O papel das Organizações Internacionais de Saúde na Saúde Global e em Crises Sanitárias, de Paulo Henrique Andrade Silva

Crises têm sido, historicamente, um catalisador de processos no sistema internacional (SEITENFUS, 2004). Em um contexto global ou regional de relativa degradação ou ameaça em uma ou mais áreas de interesse coletivo – uma crise, seja ela econômica, de saúde, de segurança, etc. -, onde os principais atores do cenário internacional precisam unir esforços para trazer uma resposta à problemática enfrentada, as atenções rapidamente se voltam para os agentes capazes de centralizar a cooperação global em torno de uma estrutura institucionalizada: as organizações internacionais.

Desde que as primeiras notícias a respeito do alastramento de um novo vírus desconhecido na China começaram a emergir, os olhos do mundo logo se voltaram para a Organização Mundial da Saúde (OMS), com expectativas para algum tipo de comunicado ou resposta que continuaram a crescer conforme a doença se espalhava.

E a resposta veio no dia 30 de janeiro de 2020, quando a OMS finalmente declarou o surto de Covid-19 uma emergência de saúde pública de importância internacional, tendo em vista o alastramento do vírus para além das fronteiras chinesas e sua potencialidade para se tornar uma pandemia, algo que se confirmou com um novo anúncio do órgão no dia 11 de março do mesmo ano. De lá pra cá, essa organização, bem como outras organizações regionais de saúde, esteve no centro dos holofotes do sistema internacional, juntamente com as críticas e debates acerca de suas respostas e papéis frente a crises sanitárias globais.

É inegável a importância e a primazia da OMS perante pandemias e crises de saúde passadas. Antes mesmo de sua criação em 1948, a comunidade internacional já se articulava envolta de mecanismos institucionais de padronização e controle em saúde, como visto ao longo do século XX, quando a própria Liga das Nações e comissões especiais tratavam do tema. Com o nascimento da OMS, contudo, a saúde humana ganhou de vez uma perspectiva global.

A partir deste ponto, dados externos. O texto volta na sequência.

(* For $|\phi\rangle$ drawn uniformly at random from unit vectors in $\mathcal{H}_R$, with $\rho_S=\mathrm{Tr}_E(|\phi\rangle\langle\phi|)$ and $\rho_E=\mathrm{Tr}_S(|\phi\rangle\langle\phi|)$, \[ \langle\mathrm{Tr}\,\rho_S^2\rangle\le\mathrm{Tr}\,\langle\rho_S\rangle^2+\mathrm{Tr}\,\langle\rho_E\rangle^2=\mathrm{Tr}\,\Omega_S^2+\mathrm{Tr}\,\Omega_E^2 , \] where $\Omega_S=\mathrm{Tr}_E\,\mathcal{E}_R$, $\Omega_E=\mathrm{Tr}_S\,\mathcal{E}_R$.
   Context: Constraint subspace $\mathcal{H}_R\subseteq\mathcal{H}_S\otimes\mathcal{H}_E$ of dimension $d_R$; $\mathcal{E}_R=\mathbb{1}_R/d_R$ with $\mathbb{1}_R$ the identity on $\mathcal{H}_R$; $\langle\cdot\rangle$ is the average over the uniform distribution on unit vectors of $\mathcal{H}_R$ (so $\langle\rho_S\rangle=\Omega_S$, $\langle\rho_E\rangle=\Omega_E$). *)

theory Defs
  imports "HOL-Analysis.Analysis"
begin

text \<open>Uniform (normalised surface) probability distribution on the unit sphere of a
  finite-dimensional real Euclidean space: the push-forward of the uniform distribution
  on the unit ball under radial projection.  For complex vectors \<open>complex^'r\<close>
  (viewed as \<open>\<real>^(2 CARD('r))\<close>) this is the uniform distribution on unit vectors.\<close>
definition uniform_sphere :: "('a::euclidean_space) measure" where
  "uniform_sphere = distr (uniform_measure lborel (ball 0 1)) borel (\<lambda>x. x /\<^sub>R norm x)"

definition adj :: "complex^'n^'m \<Rightarrow> complex^'m^'n" where
  "adj A = (\<chi> i j. cnj (A $ j $ i))"

definition ketbra :: "complex^'n \<Rightarrow> complex^'n^'n" where
  "ketbra \<phi> = (\<chi> a b. \<phi> $ a * cnj (\<phi> $ b))"

definition ptrace_E :: "complex^('s::finite \<times> 'e::finite)^('s \<times> 'e) \<Rightarrow> complex^'s^'s" where
  "ptrace_E A = (\<chi> i i'. \<Sum>e\<in>UNIV. A $ (i, e) $ (i', e))"

definition ptrace_S :: "complex^('s::finite \<times> 'e::finite)^('s \<times> 'e) \<Rightarrow> complex^'e^'e" where
  "ptrace_S A = (\<chi> j j'. \<Sum>s\<in>UNIV. A $ (s, j) $ (s, j'))"

definition avg_mat :: "'x measure \<Rightarrow> ('x \<Rightarrow> complex^'n^'m) \<Rightarrow> complex^'n^'m" where
  "avg_mat M f = (\<chi> i j. integral\<^sup>L M (\<lambda>x. f x $ i $ j))"

end

theory Submission
  imports Defs "HOL-Library.Numeral_Type" "HOL-Probability.Probability_Measure"
begin

(* Let x be uniform on the unit sphere of C^n, n = CARD('r), and phi = V x.  The uniform
   distribution is invariant under unitary maps, an invariance inherited from Lebesgue measure.
   Multiplying one coordinate by i kills every moment E[x_a x_b^* x_c x_d^*] whose indices do not
   pair up, a Hadamard rotation of two coordinates gives E|x_a|^4 = 2 E[|x_a|^2 |x_c|^2], and
   |x| = 1 fixes the normalisation.  Hence, with P = V V^*,
     E[phi_p phi_q^*] = P_pq / n,   E[phi_p phi_q^* phi_r phi_t^*] = (P_pq P_rt + P_pt P_rq) / (n (n + 1)).
   In the quartic expansion of Tr rho_S^2 the two pairings produce Tr Omega_S^2 and Tr Omega_E^2, so
     <Tr rho_S^2> = n / (n + 1) (Tr Omega_S^2 + Tr Omega_E^2),
   and both traces are nonnegative because Omega_S and Omega_E are Hermitian. *)

lemma linear_borel_measurable:
  fixes f :: "'a::euclidean_space \<Rightarrow> 'b::real_normed_vector"
  assumes "linear f"
  shows "f \<in> borel_measurable borel"
  using assms by (intro borel_measurable_continuous_onI linear_continuous_on)
    (simp add: linear_conv_bounded_linear)

lemma lborel_distr_orthogonal_transformation_vec:
  fixes T :: "real^'n::{finite,wellorder} \<Rightarrow> real^'n::{finite,wellorder}"
  assumes T: "orthogonal_transformation T"
  shows "distr lborel borel T = lborel"
proof (rule lborel_eqI[symmetric])
  have T_meas: "T \<in> borel_measurable borel"
    using T orthogonal_transformation_linear linear_borel_measurable by blast
  have Tinv: "orthogonal_transformation (inv T)"
    using T orthogonal_transformation_inv by blast
  fix l u :: "real^'n::{finite,wellorder}" assume le: "\<And>b. b \<in> Basis \<Longrightarrow> l \<bullet> b \<le> u \<bullet> b"
  have preimage: "T -` box l u = inv T ` box l u"
    using T orthogonal_transformation_bij bij_vimage_eq_inv_image by blast
  have "emeasure (distr lborel borel T) (box l u) = emeasure lebesgue (inv T ` box l u)"
    using T_meas measurable_sets_borel[OF T_meas, of "box l u"]
    by (simp add: emeasure_distr preimage[symmetric])
  also have "\<dots> = ennreal (measure lebesgue (box l u))"
    using measurable_orthogonal_image[OF Tinv] measure_orthogonal_image[OF Tinv]
    by (simp add: emeasure_eq_measure2)
  also have "\<dots> = (\<Prod>b\<in>Basis. (u - l) \<bullet> b)"
    using le by (simp add: emeasure_eq_measure2[symmetric])
  finally show "emeasure (distr lborel borel T) (box l u) = (\<Prod>b\<in>Basis. (u - l) \<bullet> b)" .
qed simp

Como mencionado pela professora Deisy Ventura em seu artigo “Do Ebola ao Zika: as emergências internacionais e a securitização da saúde global”, a epidemia de Ebola na África Ocidental em 2014 se tornou um exemplo da securitização global de um tema de saúde e da atuação da OMS perante uma crise sanitária. A criação da Missão das Nações Unidas para a Ação de Urgência Contra o Ebola (MINAUCE) se consagrou a primeira missão sanitária de urgência da organização e contribuiu para o controle do surto da doença, porém a atuação do organismo sofreu críticas por conta da demora para tomar medidas (VENTURA, 2016).

Outras crises sanitárias também destacaram o papel da OMS como agente global de saúde, como foi o caso do surto de H1N1 em 2009 e Zika Vírus em 2016, ambos elevados a Emergências de Saúde Pública de Importância Internacional (ESPII) pela organização, destacando como, cada vez mais, a crescente globalização e intensificação da circulação mundial de pessoas e bens eleva também o risco de propagação de agentes infecciosos para além das fronteiras nacionais, algo tratado pelo Regulamento Sanitário Internacional (RSI), vinculante a todos os 196 países e que ampara a OMS na tomada de decisões nesses casos (VENTURA, 2016).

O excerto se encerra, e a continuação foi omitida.